RECORDS:
◆ ◆ ◆

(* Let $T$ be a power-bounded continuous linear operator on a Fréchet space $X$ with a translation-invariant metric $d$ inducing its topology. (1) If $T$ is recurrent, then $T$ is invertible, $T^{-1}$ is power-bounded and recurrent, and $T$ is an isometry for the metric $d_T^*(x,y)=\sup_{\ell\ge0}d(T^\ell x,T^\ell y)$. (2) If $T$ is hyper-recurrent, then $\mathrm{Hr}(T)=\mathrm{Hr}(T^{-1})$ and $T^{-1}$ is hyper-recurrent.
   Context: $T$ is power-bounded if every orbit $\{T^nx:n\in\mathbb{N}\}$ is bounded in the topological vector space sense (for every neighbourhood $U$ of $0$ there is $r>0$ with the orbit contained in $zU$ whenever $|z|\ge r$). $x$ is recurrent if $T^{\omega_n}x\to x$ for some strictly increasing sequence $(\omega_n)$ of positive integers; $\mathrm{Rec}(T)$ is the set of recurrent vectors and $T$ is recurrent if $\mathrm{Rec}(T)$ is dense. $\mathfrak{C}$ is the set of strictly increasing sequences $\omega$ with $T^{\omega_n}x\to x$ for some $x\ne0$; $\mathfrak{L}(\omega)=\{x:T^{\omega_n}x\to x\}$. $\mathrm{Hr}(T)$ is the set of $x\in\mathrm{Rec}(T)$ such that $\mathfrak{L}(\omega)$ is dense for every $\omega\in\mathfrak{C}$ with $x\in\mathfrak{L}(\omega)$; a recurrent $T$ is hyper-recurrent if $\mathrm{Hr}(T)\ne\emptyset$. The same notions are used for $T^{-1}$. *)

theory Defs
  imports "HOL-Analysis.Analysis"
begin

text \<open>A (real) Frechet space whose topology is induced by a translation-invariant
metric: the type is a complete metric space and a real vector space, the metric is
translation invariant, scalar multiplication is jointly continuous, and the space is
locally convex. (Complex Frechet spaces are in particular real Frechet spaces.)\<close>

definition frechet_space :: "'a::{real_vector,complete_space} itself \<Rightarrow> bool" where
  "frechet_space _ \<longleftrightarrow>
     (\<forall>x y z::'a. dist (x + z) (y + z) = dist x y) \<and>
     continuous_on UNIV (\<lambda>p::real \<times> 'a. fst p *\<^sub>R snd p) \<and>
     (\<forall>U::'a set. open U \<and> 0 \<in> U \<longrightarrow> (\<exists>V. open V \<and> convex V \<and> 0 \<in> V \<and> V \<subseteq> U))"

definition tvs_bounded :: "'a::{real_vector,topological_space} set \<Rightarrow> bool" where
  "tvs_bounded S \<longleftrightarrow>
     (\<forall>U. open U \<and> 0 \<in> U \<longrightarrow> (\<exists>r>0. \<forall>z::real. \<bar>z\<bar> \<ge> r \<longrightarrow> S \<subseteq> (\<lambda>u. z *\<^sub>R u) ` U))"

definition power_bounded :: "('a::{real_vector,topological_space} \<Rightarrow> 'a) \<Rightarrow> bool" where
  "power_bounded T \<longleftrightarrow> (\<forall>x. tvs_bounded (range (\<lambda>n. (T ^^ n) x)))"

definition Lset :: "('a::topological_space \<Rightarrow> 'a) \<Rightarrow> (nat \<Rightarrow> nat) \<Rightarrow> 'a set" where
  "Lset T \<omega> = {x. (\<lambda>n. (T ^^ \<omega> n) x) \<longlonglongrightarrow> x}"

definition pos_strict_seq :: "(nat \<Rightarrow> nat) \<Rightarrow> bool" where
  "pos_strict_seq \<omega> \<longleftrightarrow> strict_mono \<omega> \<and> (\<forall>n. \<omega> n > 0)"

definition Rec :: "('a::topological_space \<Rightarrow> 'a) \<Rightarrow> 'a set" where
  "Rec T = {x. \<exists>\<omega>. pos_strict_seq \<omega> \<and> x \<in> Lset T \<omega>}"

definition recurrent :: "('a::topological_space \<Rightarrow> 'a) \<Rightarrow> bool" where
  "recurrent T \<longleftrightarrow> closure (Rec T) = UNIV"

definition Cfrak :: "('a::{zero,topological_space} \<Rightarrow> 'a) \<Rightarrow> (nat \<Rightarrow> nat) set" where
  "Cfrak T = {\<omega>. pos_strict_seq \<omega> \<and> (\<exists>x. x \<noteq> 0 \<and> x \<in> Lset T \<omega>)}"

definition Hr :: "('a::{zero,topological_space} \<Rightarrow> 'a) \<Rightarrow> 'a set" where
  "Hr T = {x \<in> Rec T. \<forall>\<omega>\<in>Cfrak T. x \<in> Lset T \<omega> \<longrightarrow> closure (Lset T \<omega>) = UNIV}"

◆ ◆ ◆

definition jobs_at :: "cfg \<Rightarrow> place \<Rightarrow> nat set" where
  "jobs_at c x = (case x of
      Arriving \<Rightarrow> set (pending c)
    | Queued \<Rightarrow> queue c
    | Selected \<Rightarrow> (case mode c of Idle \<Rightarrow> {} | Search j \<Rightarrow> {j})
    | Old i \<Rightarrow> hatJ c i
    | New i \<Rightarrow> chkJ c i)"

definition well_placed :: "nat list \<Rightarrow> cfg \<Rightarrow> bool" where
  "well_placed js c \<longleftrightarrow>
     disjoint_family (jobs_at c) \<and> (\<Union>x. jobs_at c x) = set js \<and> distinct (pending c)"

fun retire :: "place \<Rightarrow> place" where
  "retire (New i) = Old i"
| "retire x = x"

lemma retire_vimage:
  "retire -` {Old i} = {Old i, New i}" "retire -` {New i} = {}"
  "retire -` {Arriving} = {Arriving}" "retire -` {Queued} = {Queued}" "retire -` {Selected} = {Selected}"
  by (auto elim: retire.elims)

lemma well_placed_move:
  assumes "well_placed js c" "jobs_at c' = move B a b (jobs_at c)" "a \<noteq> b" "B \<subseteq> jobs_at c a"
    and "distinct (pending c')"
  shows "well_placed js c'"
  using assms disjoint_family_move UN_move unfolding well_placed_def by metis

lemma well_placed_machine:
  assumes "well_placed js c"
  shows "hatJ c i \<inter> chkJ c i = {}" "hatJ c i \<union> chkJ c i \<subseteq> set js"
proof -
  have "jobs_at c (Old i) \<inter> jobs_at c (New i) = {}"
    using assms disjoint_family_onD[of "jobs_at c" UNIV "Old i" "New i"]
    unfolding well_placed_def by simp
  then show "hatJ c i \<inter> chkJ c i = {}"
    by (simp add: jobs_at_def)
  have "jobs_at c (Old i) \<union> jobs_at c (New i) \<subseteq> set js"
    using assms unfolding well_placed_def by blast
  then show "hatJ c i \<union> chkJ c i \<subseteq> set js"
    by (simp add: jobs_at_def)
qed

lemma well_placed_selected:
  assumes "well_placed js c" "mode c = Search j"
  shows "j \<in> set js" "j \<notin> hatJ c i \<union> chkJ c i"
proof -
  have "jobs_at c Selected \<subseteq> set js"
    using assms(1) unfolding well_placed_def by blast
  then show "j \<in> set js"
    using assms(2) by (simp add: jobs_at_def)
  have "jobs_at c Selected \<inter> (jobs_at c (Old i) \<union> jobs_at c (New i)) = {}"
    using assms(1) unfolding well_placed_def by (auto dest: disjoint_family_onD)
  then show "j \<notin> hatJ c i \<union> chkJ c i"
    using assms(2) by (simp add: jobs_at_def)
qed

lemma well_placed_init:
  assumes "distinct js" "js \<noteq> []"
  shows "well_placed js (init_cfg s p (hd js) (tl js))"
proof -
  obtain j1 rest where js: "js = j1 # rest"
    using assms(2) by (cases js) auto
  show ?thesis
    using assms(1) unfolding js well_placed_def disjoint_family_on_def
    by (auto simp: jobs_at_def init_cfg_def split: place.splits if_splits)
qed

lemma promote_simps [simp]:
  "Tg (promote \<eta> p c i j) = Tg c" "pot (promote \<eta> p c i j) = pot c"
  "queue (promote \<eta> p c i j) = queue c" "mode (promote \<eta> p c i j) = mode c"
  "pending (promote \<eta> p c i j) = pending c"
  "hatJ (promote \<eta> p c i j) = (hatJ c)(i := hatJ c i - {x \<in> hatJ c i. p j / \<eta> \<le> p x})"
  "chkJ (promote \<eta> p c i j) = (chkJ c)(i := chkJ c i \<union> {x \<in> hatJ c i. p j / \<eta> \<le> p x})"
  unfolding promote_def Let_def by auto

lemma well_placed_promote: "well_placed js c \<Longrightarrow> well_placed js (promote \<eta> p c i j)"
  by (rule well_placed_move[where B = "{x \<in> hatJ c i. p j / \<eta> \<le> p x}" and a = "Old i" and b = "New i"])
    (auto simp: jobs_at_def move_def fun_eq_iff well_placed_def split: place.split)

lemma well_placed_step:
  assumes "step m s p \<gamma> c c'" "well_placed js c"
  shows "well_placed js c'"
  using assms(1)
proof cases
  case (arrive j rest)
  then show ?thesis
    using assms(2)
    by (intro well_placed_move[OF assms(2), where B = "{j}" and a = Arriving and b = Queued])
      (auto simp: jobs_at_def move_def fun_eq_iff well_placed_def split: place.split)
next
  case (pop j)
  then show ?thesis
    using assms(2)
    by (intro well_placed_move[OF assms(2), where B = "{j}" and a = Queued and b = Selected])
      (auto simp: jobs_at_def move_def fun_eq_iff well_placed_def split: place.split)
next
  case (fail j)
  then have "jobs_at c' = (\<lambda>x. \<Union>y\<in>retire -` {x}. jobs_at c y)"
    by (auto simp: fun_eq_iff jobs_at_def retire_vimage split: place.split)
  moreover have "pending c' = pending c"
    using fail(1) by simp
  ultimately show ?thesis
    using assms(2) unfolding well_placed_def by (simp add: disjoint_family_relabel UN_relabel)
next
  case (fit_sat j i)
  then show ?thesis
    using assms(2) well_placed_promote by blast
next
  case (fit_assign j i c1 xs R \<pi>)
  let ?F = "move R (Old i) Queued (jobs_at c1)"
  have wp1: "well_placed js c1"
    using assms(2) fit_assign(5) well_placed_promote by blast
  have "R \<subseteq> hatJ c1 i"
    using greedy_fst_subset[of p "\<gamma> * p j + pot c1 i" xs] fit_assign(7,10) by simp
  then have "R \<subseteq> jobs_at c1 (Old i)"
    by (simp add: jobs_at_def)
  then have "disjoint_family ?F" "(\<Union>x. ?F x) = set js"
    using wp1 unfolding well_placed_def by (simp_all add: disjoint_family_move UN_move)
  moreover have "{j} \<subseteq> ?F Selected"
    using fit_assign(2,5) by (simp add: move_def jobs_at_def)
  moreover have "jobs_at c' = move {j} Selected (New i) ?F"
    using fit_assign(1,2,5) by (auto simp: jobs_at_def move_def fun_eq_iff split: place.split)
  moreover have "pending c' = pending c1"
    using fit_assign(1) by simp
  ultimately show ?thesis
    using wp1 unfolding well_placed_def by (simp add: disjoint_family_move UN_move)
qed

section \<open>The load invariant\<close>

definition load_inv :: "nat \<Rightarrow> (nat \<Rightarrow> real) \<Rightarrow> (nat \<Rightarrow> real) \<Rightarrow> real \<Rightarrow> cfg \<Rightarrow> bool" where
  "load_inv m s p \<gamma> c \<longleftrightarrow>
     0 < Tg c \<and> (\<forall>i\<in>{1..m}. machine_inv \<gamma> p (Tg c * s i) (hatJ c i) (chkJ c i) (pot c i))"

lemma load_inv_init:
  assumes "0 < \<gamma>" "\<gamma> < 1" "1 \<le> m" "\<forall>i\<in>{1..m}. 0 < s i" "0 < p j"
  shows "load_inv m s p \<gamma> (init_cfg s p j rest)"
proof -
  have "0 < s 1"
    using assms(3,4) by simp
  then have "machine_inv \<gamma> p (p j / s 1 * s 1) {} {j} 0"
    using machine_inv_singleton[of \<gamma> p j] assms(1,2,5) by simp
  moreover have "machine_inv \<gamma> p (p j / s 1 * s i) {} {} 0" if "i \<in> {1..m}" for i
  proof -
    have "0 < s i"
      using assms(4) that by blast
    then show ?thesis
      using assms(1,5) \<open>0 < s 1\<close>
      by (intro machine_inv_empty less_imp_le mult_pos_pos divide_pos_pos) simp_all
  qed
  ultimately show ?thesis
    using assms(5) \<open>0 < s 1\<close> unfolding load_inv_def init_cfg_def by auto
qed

◆ ◆ ◆

EXERCISE:
Examine the records and pull out every line where the string "close" occurs.

SOLVED EXERCISE:
locally convex. (Complex Frechet spaces are in particular real Frechet spaces.)\<close>
section \<open>The load invariant\<close>
      using assms(1,5) \<open>0 < s 1\<close>
    using assms(5) \<open>0 < s 1\<close> unfolding load_inv_def init_cfg_def by auto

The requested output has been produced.